The result of the Industrial revolution was Pharmaceutical Companies. These companies were founded to manufacture drugs in mass quantities. Pharmacies then worked with companies such as G.D. Searle, which by the late 1880’s listed 400 fluid extracts, 150 elixirs, 100 syrups, 75 powdered extracts and 25 tinctures and other drug forms. With the increase number of pharmaceutical companies being formed patents were created during the industrial revolution.

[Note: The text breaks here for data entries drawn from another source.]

text \<open>Step t+1, performed from the state after step t (t \<ge> 1).
  Rejection sampling: the first draw is uniform over the R*K cells of rows [R];
  if it is empty it is the chosen cell (U = 1); otherwise (U = 0) subsequent
  draws produce a uniformly random empty cell.\<close>

definition step :: "nat \<Rightarrow> nat \<Rightarrow> state \<Rightarrow> state pmf" where
  "step K t s = (case s of (Psi, R, C, D) \<Rightarrow>
     bind_pmf (bernoulli_pmf (real ((K - R) * K) / real (K^2 - t))) (\<lambda>newrow.
       if newrow then
         bind_pmf (bernoulli_pmf (real (K - C) / real K)) (\<lambda>newcol.
           if newcol then return_pmf (Psi((R+1, C+1) := t+1), R+1, C+1, D)
           else bind_pmf (pmf_of_set {1..C}) (\<lambda>Z.
                  return_pmf (Psi((R+1, Z) := t+1), R+1, C, D)))
       else
         bind_pmf (pmf_of_set ({1..R} \<times> {1..K})) (\<lambda>first.
           bind_pmf (if Psi first = 0 then return_pmf first
                     else pmf_of_set {c \<in> {1..R} \<times> {1..K}. Psi c = 0}) (\<lambda>(X, Y).
             let D' = (if Psi first = 0 then D else D + 1) in
             if Y > C then return_pmf (Psi((X, C+1) := t+1), R, C+1, D')
             else return_pmf (Psi((X, Y) := t+1), R, C, D')))))"

text \<open>Distribution of the state after t steps (meaningful for t \<le> K^2).\<close>

primrec process :: "nat \<Rightarrow> nat \<Rightarrow> state pmf" where
  "process K 0 = return_pmf (\<lambda>_. 0, 0, 0, 0)"
| "process K (Suc t) =
     (if t = 0 then return_pmf ((\<lambda>_. 0)((1,1) := 1), 1, 1, 0)
      else bind_pmf (process K t) (step K t))"

end

theory Submission
  imports Defs "HOL-Analysis.Harmonic_Numbers" "HOL-Real_Asymp.Real_Asymp"
begin

(* Each step raises D by at most one, and only when no new row is created and the first
   rejection-sampling draw hits a filled cell; given the past this has probability at most
   t/(K^2 - t).  Hence E 2^(D_T) <= (1 + T/(K^2 - T))^T <= exp (2 T^2/K^2) <= exp (2x) with
   x = K^(2 alpha), as soon as 2T <= K^2.  Markov's inequality for 2^(D_T) then gives
   P(D_T >= 6x) <= exp (2x) / 2^(6x) <= exp (-2x), because 6 ln 2 >= 4. *)

lemma bernoulli_pmf_clamp: "bernoulli_pmf p = bernoulli_pmf (min 1 (max 0 p))"
  by (rule pmf_eqI) (auto simp: bernoulli_pmf.rep_eq)

lemma True_in_set_pmf_bernoulli_iff: "True \<in> set_pmf (bernoulli_pmf p) \<longleftrightarrow> 0 < p"
  by (auto simp: set_pmf_iff bernoulli_pmf.rep_eq)

lemma emeasure_pmf_eq_of_bool:
  assumes "\<And>x. x \<in> set_pmf M \<Longrightarrow> x \<in> X \<longleftrightarrow> P"
  shows "emeasure M X = of_bool P"
proof -
  have "emeasure M X = emeasure M (if P then UNIV else {})"
    using assms by (intro emeasure_eq_AE AE_pmfI) auto
  then show ?thesis by simp
qed
lemma var_clauseI: "l \<in> E \<Longrightarrow> var_lit l \<in> var_clause E"
  by (simp add: var_clause_def)

lemma var_clsI: "E \<in> F \<Longrightarrow> l \<in> E \<Longrightarrow> var_lit l \<in> var_cls F"
  unfolding var_cls_def var_clause_def by blast

lemma sat_clause_set_lit:
  "var_lit l \<notin> var_clause E \<Longrightarrow> sat_clause (set_lit \<phi> l) E \<longleftrightarrow> sat_clause \<phi> E"
  unfolding sat_clause_def using lit_true_set_lit_other var_clauseI by metis

lemma sat_clause_insert [simp]: "sat_clause \<phi> (insert l E) \<longleftrightarrow> lit_true \<phi> l \<or> sat_clause \<phi> E"
  by (simp add: sat_clause_def)

lemma sat_clauseI: "l \<in> E \<Longrightarrow> lit_true \<phi> l \<Longrightarrow> sat_clause \<phi> E"
  unfolding sat_clause_def by blast

lemma sat_clause_mono: "A \<subseteq> B \<Longrightarrow> sat_clause \<phi> A \<Longrightarrow> sat_clause \<phi> B"
  unfolding sat_clause_def by blast

lemma satisfiable_iff: "satisfiable F \<longleftrightarrow> (\<exists>\<phi>. \<forall>E\<in>F. sat_clause \<phi> E)"
  by (simp add: satisfiable_def sat_clause_def)

lemma unsatisfiable_no_model: "\<not> satisfiable F \<Longrightarrow> \<forall>E\<in>F. sat_clause \<phi> E \<Longrightarrow> False"
  unfolding satisfiable_iff by blast

lemma witness_lit_true: "witness F E \<phi> \<Longrightarrow> comp y \<in> E \<Longrightarrow> lit_true \<phi> y"
  unfolding witness_def sat_clause_def by force

lemma min_unsat_iff_witness:
  "min_unsat F \<longleftrightarrow> \<not> satisfiable F \<and> (\<forall>E\<in>F. \<exists>\<phi>. witness F E \<phi>)"
proof
  assume mu: "min_unsat F"
  then have unsat: "\<not> satisfiable F" by (simp add: min_unsat_def)
  have "\<exists>\<phi>. witness F E \<phi>" if "E \<in> F" for E
  proof -
    from that have "F - {E} \<subset> F" by auto
    with mu obtain \<phi> where \<phi>: "\<forall>D\<in>F - {E}. sat_clause \<phi> D"
      unfolding min_unsat_def satisfiable_iff by blast
    with unsat have "\<not> sat_clause \<phi> E"
      using unsatisfiable_no_model by blast
    with \<phi> show ?thesis unfolding witness_def by blast
  qed
  with unsat show "\<not> satisfiable F \<and> (\<forall>E\<in>F. \<exists>\<phi>. witness F E \<phi>)" by blast
next
  assume "\<not> satisfiable F \<and> (\<forall>E\<in>F. \<exists>\<phi>. witness F E \<phi>)"
  moreover have "satisfiable G" if "G \<subset> F" and "\<forall>E\<in>F. \<exists>\<phi>. witness F E \<phi>" for G
  proof -
    from that obtain E \<phi> where "E \<in> F - G" "witness F E \<phi>" by blast
    with \<open>G \<subset> F\<close> show ?thesis unfolding satisfiable_iff witness_def by blast
  qed
  ultimately show "min_unsat F" unfolding min_unsat_def by blast
qed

The industrialization of the medical industry had an impact in every aspect in the medical community. First, it led to the creation of new drugs. These new drugs could not be created by pharmacists because they did not have the resources to create them. Second, drugs that could be made by the local pharmacist could be made in a more economical manner by the larger companies in a purer form. Third, pharmaceutical companies assumed responsibility for the quality of the medication they were producing. Finally, it opened the market to more competition from merchants and grocers that pharmacies had not occurred before.

During the Industrial Revolution and the nineteenth century, the art of compounding was not dead, although the number of pharmacists practicing it declined. It has been estimated that eighty percent of the prescriptions dispensed in the 1920’s required a broad knowledge of compounding. During this time, however, pharmacists increasingly relied on the purchase of chemicals from manufacturers in order to fill these prescriptions. Pharmacists still spread their own plasters, prepared pills, powders, and made up medicated waters. They also frequently combined a single dosage from several medicines that today would be written and dispensed as separate prescriptions. During this time period, pharmacists were also called upon to provide first aid and medications for common ailments such as burns, frostbite, flesh wounds, poisoning constipation, and diarrhea. Therefore, they still maintained a prescription laboratory, but also carried the pharmaceutical companies medications as well.